Im not too sure as im asking the same  tho ive had a d & C and 19 days and still a touch of bleeding:hissy:


----------



## Chalrhow

Sorry i dont have an answer... but would like to know also how long the bleeding lasts... i had a miscarriage on friday at 10wks and im still passing big clots and bleeding heavy... feeling very drained also... ive had a blood test and my hemaglobin was 13 on friday so ok... just feeling sore and exhausted... sorry for your loss


----------



## bethyb

hey hun.
i miscarried at home last saturday but started spotting on the thursday 3rd April. I have just about stopped bleeding but im still spotting and have blood when i wipe and feel emotionally totally drained...


----------



## honeybunch2k7

I'm sorry for your loss. I bled for 10-14 days, but i had a d&e. Horrid!


----------



## m_t_rose

I had a miscarriage at 6 weeks 3 days and my bleeding lasted for over a week and a half. It was very heavy and clotty at first and then was like a normal period. I hope it ends quicker for you.


----------



## sarah_george

Thnks for that girls, hopefully it will end soon, its a horrid constant reminder and i still feel like i'm miscarrying while i am still bleeding, I'm fed up with it!
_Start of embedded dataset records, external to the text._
lemma d_in_hom:
  assumes j: "j \<le> n"
  shows "d j \<in> hom C (cone_term j) (cone_term (Suc j))"
proof -
  consider "j = 0" | "0 < j" "j < n" | "0 < j" "j = n" using j length_pos by linarith
  then show ?thesis
  proof cases
    case 1
    then show ?thesis using d_0_hom length_pos unfolding cone_term_def by simp
  next
    case 2
    then show ?thesis using d_hom[OF 2] unfolding cone_term_def by simp
  next
    case 3
    then show ?thesis using d_n_hom unfolding cone_term_def by simp
  qed
qed

lemma cone_term_Suc: "j < n \<Longrightarrow> cone_term (Suc j) = bobj C (X (Suc j)) (Y j)"
  unfolding cone_term_def by simp

lemma X_part_hom:
  assumes j: "j \<le> n" and z: "z \<in> hom C T (cone_term j)"
  shows "X_part j z \<in> hom C T (X j)"
proof (cases "j = 0")
  case True
  then show ?thesis using z unfolding X_part_def cone_term_def by simp
next
  case False
  then have "z \<in> hom C T (bobj C (X j) (Y (j - 1)))" using z j unfolding cone_term_def by simp
  then show ?thesis using comp_hom[OF _ bprj1_hom[OF X_ob[OF j] Y_ob]] False j
    unfolding X_part_def by simp
qed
I'm also really fed up of constantly feeling wet and the smell of blood! will hopefully be easier to move on and think about ttc again when it all stops, so sorry for all your losses, is a horribe horrible thing to happen xxx


----------



## Mamafy

Firstly so sorry for your loss :hugs: With my m/c's I bled for a couple of weeks but I had D&C and ERPC both times, I would say if you're in any pain it may be worth mentioning to the dr as you may have an infection.

so sorry again


----------



## bethyb

hey hun,
today there is no sign of fresh blood, cant wait to stop wearing a pad! sounds like u feel the same.
I had a swob done last week as i had low down pain and ive been put on antioboitics. if u still have pain def go to ur gp who will give u antibiotics as i think i had a slight infection. my gp is very good im on my second course of antiobitics as ashe knows i am desperate to try again.
i have a holiday booked in may so hoping to try and take my mind of things.
i think to my friend me having a miscarriage is old news.. to me im still bleeding. Its horrid not only physically but i think its only just sinking in whats happened. im sure u feel the same.hope it stops soon.
xx


----------



## doctordeesmrs

Think i bled for about 8-9 days when i had my mc.


----------



## momandpeanut

Sorry to hear of your loss :hugs:

I was 7 weeks when i mc and i bleed for about 9-10 days and i didnt need a d&c ! My doctor told me if after 14 days i was still bleeding to go back to see him. I felt weak and drained for about another week or so after it all happened !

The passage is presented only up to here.